Maximum Deflection of a Cantilever
The maximum deflection of a cantilever beam occurs at the free end of the beam when subjected to a load. The deflection can be calculated using the principles of mechanics and beam theory.

Flexural Rigidity (EI)
Flexural rigidity (EI) is a property of a beam that represents its resistance to bending. It is the product of the Young's modulus (E) and the moment of inertia (I) of the beam's cross-sectional area. The flexural rigidity determines how much a beam will deflect under a given load.

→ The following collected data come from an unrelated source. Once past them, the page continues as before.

theorem corollaryA5:
  fixes \<theta> c d p q :: real
    and k m \<Delta> :: "nat \<Rightarrow> nat"
    and cn dn :: "nat \<Rightarrow> real"
  assumes \<theta>: "0 < \<theta>" "\<theta> < 1"
    and k_asymp: "(\<lambda>n. real (k n) / real n powr \<theta>) \<longlonglongrightarrow> 1"
    and cd_pos: "0 < c" "0 < d"
    and cn_lim: "cn \<longlonglongrightarrow> c" and dn_lim: "dn \<longlonglongrightarrow> d"
    and m_def: "\<forall>\<^sub>F n in sequentially. real (m n) = cn n * real (k n) * ln (real n / real (k n))"
    and \<Delta>_def: "\<forall>\<^sub>F n in sequentially. real (\<Delta> n) = cn n * dn n * ln (real n / real (k n))"
    and pq: "0 \<le> p" "0 \<le> q" "p + q < 1"
  shows "\<exists>C. (\<lambda>n. measure_pmf.prob (gt_model n (k n) (m n) (\<Delta> n) p q)
             {\<omega>. \<not> (
               \<bar>real (mcount (m n) False True \<omega>) - exp (- dn n) * p * real (m n)\<bar>
                  \<le> C * sqrt (real (m n)) * ln (real n) ^ 4 \<and>
               \<bar>real (mcount (m n) False False \<omega>) - exp (- dn n) * (1 - p) * real (m n)\<bar>
                  \<le> C * sqrt (real (m n)) * ln (real n) ^ 4 \<and>
               \<bar>real (mcount (m n) True True \<omega>) - (1 - exp (- dn n)) * q * real (m n)\<bar>
                  \<le> C * sqrt (real (m n)) * ln (real n) ^ 4 \<and>
               \<bar>real (mcount (m n) True False \<omega>) - (1 - exp (- dn n)) * (1 - q) * real (m n)\<bar>
                  \<le> C * sqrt (real (m n)) * ln (real n) ^ 4)})
           \<in> o(\<lambda>n. 1 / real n ^ 2)"
proof -
  have "\<forall>\<^sub>F n in sequentially. measure_pmf.prob (gt_model n (k n) (m n) (\<Delta> n) p q)
          {\<omega>. \<not> counts_within (m n) (exp (- dn n)) p q (3 * sqrt (real (m n)) * ln (real n) ^ 4) \<omega>}
        \<le> 6 * exp (- 4 * ln (real n))"
    using eventually_design_regime[OF \<theta> k_asymp cn_lim dn_lim cd_pos] m_def \<Delta>_def
  proof eventually_elim
    case (elim n)
    then have "0 < cn n" "0 < dn n" "0 < k n" "k n < n" "2 * dn n \<le> real (k n)" "2 \<le> ln (real n)"
      "2 * cn n * (dn n)\<^sup>2 \<le> ln (real n) ^ 3" by simp_all
    with elim(2,3) pq show ?case
      by (intro gt_model_counts_deviation_regime) simp_all
  qed
  then have "(\<lambda>n. measure_pmf.prob (gt_model n (k n) (m n) (\<Delta> n) p q)
          {\<omega>. \<not> counts_within (m n) (exp (- dn n)) p q (3 * sqrt (real (m n)) * ln (real n) ^ 4) \<omega>})
        \<in> O(\<lambda>n. exp (- 4 * ln (real n)))"
    by (intro bigoI[where c = 6]) (auto elim!: eventually_mono)
  moreover have "(\<lambda>n. exp (- 4 * ln (real n))) \<in> o(\<lambda>n. 1 / real n ^ 2)"
    by real_asymp
  ultimately have "(\<lambda>n. measure_pmf.prob (gt_model n (k n) (m n) (\<Delta> n) p q)
          {\<omega>. \<not> counts_within (m n) (exp (- dn n)) p q (3 * sqrt (real (m n)) * ln (real n) ^ 4) \<omega>})
        \<in> o(\<lambda>n. 1 / real n ^ 2)"
    by (rule landau_o.big_small_trans)
  then show ?thesis
    unfolding counts_within_def by - (rule exI)
qed

end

Calculation of Maximum Deflection
To calculate the maximum deflection of a cantilever beam, we can use the formula:

δ = (WL^3) / (3EI)

Where:
δ = Maximum deflection
W = Applied load at the free end of the cantilever
L = Length of the cantilever
E = Young's modulus of the material
I = Moment of inertia of the cross-sectional area

Explanation of the Formula
The formula for maximum deflection of a cantilever beam is derived from the differential equation of beam bending. It takes into account the applied load, length of the beam, flexural rigidity, and the mechanical properties of the material.

The factor of (WL^3) in the numerator represents the applied load multiplied by the cube of the length of the cantilever. This factor indicates that the deflection is directly proportional to the cube of the length and the applied load.

The factor of 3EI in the denominator represents the flexural rigidity of the beam. It indicates that the deflection is inversely proportional to the flexural rigidity. A higher flexural rigidity will result in a smaller deflection.

Conclusion
In conclusion, the correct formula for the maximum deflection of a cantilever beam under a load W at the free end is δ = (WL^3) / (3EI). This formula takes into account the length of the cantilever, applied load, and the flexural rigidity of the beam. By calculating the maximum deflection, engineers can ensure that the beam will not exceed its allowable limits and maintain structural integrity.